§ **What you have to do**
Find every line below where the string "with" shows up, and copy those lines.

§ **Input data**
________________________

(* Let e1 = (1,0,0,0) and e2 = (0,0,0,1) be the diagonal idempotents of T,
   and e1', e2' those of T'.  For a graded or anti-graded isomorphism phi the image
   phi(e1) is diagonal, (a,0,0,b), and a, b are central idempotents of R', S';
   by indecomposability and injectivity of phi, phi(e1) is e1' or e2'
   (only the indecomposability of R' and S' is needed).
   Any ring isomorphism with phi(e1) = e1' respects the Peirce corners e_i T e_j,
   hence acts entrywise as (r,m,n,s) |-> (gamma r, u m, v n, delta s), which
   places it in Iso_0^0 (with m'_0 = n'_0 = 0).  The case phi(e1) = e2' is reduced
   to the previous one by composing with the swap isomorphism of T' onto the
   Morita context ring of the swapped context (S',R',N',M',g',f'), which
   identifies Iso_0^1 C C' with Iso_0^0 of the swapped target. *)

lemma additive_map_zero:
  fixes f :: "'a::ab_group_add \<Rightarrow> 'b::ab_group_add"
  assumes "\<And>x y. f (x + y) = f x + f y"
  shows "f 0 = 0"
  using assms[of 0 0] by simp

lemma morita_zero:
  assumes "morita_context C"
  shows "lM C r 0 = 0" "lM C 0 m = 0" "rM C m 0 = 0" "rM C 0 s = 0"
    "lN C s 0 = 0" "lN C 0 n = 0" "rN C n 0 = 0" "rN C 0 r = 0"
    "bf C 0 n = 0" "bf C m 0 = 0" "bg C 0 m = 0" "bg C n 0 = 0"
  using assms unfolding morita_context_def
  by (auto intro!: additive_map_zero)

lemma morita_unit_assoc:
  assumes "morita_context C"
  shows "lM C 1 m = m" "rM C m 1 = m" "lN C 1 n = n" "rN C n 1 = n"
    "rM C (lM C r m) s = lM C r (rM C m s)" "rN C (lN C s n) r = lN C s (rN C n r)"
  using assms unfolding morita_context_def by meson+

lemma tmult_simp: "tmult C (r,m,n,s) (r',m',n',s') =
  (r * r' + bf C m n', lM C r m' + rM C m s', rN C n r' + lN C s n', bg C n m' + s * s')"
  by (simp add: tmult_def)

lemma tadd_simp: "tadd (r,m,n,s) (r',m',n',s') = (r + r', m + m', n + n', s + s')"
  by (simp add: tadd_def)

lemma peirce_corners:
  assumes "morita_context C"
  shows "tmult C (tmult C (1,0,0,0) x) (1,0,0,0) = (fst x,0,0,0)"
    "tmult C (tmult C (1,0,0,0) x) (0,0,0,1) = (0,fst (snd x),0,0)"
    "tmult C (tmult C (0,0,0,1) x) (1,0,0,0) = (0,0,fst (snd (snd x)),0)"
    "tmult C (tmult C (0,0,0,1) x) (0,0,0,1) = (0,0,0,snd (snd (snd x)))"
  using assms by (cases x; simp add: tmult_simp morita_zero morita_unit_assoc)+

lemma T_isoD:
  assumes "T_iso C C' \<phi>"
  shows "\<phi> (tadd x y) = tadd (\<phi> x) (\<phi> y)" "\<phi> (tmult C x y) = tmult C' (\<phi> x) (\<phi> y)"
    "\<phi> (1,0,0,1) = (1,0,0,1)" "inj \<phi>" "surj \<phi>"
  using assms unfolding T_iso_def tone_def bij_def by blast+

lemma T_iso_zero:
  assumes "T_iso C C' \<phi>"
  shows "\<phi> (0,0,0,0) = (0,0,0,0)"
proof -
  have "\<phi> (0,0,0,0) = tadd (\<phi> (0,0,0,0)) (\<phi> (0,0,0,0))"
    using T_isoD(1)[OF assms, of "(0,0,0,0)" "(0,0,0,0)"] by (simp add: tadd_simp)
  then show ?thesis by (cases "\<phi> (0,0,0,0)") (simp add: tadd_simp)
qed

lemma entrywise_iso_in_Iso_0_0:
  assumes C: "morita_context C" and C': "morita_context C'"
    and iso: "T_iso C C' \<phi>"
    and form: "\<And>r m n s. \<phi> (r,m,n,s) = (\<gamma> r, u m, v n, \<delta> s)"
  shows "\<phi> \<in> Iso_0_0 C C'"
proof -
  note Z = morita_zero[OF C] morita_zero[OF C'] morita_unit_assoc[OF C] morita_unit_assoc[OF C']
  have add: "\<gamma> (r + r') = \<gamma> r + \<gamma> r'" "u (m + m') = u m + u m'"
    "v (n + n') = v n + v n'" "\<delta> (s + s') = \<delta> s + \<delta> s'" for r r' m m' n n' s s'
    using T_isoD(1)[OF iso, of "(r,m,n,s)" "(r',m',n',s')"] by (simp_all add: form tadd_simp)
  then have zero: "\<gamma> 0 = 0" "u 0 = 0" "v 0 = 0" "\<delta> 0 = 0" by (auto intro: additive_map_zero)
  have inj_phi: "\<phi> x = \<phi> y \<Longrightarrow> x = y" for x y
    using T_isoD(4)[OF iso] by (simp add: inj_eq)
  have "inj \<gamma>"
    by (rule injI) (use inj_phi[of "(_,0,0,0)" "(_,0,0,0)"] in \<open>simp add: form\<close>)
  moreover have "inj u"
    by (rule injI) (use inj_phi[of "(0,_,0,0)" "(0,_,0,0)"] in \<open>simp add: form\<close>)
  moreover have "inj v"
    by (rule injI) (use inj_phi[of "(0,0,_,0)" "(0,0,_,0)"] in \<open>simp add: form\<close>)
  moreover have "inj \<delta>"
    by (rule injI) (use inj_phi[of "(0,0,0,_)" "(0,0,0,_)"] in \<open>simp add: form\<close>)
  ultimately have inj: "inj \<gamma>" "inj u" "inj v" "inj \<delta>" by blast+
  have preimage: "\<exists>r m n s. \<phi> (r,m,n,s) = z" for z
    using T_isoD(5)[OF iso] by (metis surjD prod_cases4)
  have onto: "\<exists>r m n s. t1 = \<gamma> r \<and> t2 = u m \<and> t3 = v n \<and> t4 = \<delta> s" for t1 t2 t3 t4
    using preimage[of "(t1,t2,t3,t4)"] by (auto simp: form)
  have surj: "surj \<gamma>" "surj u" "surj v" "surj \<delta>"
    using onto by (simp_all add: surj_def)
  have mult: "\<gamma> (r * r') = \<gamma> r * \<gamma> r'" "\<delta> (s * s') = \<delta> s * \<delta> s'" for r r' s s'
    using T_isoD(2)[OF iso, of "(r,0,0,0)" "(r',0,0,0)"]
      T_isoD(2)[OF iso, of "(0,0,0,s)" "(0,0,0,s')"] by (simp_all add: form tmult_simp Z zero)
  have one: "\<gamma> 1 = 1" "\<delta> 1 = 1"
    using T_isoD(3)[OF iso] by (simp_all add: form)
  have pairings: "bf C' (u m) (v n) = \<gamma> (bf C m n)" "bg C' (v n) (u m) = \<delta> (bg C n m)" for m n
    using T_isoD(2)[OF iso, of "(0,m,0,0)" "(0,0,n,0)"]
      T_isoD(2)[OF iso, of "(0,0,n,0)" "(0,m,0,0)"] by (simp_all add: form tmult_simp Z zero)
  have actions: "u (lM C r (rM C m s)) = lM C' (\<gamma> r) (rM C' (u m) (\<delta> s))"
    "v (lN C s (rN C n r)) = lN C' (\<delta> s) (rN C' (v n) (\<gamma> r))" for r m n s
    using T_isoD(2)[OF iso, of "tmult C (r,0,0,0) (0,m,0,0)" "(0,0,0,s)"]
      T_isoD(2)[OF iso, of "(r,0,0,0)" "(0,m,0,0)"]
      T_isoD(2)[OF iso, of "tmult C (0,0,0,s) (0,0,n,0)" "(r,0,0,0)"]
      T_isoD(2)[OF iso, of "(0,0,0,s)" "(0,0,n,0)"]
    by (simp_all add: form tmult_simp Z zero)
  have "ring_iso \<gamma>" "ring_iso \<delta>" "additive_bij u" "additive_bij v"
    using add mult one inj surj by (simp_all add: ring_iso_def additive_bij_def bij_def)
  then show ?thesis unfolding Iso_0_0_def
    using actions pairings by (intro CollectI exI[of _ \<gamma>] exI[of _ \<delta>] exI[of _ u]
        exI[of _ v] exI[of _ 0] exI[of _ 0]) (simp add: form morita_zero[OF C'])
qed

________________________

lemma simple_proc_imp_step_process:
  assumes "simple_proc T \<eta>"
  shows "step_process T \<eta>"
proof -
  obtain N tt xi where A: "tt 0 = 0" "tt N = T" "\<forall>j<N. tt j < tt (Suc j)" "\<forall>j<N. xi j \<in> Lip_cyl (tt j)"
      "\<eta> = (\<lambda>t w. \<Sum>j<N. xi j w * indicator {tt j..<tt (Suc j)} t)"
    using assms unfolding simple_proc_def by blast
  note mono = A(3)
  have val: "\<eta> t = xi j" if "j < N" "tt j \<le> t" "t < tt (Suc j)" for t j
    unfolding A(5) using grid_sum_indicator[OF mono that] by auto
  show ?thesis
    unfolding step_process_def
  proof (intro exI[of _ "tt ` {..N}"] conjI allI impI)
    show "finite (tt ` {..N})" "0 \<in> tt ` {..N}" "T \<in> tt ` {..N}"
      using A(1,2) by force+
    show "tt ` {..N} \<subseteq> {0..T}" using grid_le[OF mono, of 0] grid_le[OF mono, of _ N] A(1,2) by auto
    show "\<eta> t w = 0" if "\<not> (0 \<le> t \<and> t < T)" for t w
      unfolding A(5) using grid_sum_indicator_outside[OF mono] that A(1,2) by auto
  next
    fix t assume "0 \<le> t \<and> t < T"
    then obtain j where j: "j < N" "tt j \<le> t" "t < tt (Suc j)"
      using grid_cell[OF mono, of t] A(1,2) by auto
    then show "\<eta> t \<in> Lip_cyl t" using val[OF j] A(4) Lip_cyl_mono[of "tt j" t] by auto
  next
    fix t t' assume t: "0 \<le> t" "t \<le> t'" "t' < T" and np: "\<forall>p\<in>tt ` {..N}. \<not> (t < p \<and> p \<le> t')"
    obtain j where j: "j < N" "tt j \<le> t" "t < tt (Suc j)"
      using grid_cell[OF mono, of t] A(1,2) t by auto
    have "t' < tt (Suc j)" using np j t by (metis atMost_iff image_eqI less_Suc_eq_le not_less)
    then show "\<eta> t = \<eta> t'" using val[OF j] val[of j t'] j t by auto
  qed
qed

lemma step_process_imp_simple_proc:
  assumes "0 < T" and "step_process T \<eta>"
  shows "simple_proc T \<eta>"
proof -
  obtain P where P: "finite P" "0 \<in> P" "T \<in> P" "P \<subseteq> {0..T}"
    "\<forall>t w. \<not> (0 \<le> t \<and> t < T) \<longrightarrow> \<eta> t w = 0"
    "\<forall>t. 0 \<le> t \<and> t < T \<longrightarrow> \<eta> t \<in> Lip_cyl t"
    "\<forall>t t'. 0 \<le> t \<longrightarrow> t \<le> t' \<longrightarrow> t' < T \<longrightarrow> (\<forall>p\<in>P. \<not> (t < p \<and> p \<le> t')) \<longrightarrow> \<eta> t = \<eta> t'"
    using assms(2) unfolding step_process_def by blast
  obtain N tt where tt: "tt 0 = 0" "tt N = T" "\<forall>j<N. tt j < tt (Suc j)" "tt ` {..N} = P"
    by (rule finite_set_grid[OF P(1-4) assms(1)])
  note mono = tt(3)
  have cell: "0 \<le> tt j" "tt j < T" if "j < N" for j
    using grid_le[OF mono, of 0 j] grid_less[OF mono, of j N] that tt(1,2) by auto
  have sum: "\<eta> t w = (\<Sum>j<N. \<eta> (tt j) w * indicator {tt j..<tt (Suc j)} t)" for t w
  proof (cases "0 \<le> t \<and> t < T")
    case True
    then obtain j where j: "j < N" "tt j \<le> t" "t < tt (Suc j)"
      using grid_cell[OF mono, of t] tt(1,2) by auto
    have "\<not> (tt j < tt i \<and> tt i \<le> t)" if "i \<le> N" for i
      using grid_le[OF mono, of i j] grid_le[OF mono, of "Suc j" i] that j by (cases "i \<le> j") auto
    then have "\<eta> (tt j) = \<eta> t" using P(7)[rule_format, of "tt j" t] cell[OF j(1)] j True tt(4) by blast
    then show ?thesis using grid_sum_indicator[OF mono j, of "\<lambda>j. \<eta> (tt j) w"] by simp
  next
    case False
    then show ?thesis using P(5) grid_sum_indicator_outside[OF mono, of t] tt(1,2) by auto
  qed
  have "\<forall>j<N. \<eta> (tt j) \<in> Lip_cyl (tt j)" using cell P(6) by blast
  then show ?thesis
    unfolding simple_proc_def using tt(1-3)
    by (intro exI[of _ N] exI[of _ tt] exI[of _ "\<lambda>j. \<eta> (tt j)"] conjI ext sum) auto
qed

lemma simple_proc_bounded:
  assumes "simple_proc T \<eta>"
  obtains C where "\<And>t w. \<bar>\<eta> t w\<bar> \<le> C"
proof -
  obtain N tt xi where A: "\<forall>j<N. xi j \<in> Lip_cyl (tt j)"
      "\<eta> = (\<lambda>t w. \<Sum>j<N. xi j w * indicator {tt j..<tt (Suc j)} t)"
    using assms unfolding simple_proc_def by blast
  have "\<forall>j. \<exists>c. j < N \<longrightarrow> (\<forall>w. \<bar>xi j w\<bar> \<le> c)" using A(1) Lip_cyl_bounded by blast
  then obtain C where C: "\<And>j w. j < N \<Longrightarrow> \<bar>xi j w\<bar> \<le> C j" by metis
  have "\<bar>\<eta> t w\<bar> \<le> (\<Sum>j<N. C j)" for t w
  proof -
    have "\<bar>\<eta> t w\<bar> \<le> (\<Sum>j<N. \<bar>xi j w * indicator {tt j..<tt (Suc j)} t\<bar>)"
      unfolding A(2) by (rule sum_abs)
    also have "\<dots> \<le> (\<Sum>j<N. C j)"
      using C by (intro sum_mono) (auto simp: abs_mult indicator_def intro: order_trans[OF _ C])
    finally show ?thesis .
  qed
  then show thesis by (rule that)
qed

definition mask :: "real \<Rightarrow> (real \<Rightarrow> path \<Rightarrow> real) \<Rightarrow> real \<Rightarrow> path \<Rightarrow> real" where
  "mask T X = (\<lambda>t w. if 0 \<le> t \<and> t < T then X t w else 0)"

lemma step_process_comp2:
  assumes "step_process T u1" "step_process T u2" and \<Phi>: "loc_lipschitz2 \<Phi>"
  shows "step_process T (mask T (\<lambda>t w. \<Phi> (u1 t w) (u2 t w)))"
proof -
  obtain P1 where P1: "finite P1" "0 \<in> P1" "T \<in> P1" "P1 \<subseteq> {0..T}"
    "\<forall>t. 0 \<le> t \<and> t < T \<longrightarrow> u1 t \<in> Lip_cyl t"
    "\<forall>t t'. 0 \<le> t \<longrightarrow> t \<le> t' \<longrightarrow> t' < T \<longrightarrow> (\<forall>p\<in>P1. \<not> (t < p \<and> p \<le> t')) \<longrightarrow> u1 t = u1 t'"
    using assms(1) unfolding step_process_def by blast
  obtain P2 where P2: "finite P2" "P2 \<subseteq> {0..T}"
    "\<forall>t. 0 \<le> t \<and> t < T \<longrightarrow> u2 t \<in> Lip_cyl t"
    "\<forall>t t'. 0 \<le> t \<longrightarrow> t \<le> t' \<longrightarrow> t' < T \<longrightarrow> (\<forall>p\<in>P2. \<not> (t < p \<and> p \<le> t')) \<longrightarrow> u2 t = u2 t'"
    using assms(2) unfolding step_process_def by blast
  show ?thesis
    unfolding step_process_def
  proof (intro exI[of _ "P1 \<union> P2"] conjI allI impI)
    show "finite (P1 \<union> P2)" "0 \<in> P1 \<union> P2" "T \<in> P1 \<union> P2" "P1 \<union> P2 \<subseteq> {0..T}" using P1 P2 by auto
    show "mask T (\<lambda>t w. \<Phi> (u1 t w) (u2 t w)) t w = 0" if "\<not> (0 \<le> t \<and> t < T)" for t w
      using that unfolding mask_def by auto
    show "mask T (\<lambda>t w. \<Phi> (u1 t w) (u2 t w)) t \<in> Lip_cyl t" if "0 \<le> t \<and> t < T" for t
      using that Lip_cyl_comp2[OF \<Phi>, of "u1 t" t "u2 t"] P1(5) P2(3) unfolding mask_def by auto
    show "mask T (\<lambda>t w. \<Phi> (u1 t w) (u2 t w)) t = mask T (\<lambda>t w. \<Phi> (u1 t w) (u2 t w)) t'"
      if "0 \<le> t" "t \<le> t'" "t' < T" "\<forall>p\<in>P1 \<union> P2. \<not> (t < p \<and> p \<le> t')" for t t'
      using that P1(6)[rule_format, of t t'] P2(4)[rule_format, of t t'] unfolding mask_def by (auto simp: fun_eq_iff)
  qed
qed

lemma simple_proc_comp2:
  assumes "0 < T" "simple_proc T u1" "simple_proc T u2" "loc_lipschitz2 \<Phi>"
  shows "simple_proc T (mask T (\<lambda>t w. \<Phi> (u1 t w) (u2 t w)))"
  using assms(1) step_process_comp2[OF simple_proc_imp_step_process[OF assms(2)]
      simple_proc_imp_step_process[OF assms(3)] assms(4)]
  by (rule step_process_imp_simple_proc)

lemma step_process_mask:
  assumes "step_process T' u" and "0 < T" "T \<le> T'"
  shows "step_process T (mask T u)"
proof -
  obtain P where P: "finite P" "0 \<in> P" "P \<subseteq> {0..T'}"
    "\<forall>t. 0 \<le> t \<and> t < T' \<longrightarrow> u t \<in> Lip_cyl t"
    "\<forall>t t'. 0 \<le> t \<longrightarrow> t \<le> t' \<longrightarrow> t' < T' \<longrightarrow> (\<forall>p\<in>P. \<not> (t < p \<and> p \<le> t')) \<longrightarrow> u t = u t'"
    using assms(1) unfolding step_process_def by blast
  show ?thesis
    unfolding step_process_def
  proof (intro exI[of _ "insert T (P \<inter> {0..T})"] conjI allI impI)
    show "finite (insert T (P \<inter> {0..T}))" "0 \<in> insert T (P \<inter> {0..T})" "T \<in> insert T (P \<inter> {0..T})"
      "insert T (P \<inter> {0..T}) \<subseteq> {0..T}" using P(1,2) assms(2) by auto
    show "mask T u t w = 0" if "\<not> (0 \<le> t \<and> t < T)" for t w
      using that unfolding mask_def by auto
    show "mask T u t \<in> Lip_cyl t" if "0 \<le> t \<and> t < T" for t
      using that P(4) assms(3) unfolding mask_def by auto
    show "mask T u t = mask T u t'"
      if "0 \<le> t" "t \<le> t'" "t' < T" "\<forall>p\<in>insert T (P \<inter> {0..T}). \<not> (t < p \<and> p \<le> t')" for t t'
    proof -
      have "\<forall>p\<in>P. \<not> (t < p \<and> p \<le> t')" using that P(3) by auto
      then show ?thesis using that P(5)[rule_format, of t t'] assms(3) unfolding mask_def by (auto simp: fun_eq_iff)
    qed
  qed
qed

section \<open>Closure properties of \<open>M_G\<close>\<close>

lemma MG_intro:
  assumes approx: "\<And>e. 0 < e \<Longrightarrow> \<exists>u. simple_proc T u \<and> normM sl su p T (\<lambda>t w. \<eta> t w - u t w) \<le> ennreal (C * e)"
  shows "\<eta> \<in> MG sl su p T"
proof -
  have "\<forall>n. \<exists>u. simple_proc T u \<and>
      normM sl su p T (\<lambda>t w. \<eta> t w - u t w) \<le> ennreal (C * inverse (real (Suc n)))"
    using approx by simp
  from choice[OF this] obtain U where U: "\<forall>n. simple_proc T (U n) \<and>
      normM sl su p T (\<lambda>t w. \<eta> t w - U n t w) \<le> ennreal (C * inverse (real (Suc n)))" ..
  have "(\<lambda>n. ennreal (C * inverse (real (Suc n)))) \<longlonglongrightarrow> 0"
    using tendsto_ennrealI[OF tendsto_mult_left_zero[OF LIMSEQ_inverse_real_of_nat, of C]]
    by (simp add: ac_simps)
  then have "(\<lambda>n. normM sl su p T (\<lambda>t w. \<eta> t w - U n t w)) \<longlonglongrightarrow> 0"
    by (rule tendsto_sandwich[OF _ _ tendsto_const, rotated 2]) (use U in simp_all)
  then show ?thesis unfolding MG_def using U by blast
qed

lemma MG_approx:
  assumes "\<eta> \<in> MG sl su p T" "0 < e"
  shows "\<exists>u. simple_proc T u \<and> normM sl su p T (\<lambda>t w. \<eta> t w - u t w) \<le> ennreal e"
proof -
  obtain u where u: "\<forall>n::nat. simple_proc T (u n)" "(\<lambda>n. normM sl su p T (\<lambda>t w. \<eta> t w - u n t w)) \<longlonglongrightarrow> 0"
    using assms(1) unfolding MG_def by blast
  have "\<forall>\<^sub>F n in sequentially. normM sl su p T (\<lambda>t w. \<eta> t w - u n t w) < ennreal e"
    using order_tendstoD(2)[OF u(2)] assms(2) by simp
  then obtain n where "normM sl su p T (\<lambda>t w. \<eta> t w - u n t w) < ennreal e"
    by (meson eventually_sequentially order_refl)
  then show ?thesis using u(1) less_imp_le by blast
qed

________________________

§ **Output of the exercise**
   Any ring isomorphism with phi(e1) = e1' respects the Peirce corners e_i T e_j,
   places it in Iso_0^0 (with m'_0 = n'_0 = 0).  The case phi(e1) = e2' is reduced
   to the previous one by composing with the swap isomorphism of T' onto the
   identifies Iso_0^1 C C' with Iso_0^0 of the swapped target. *)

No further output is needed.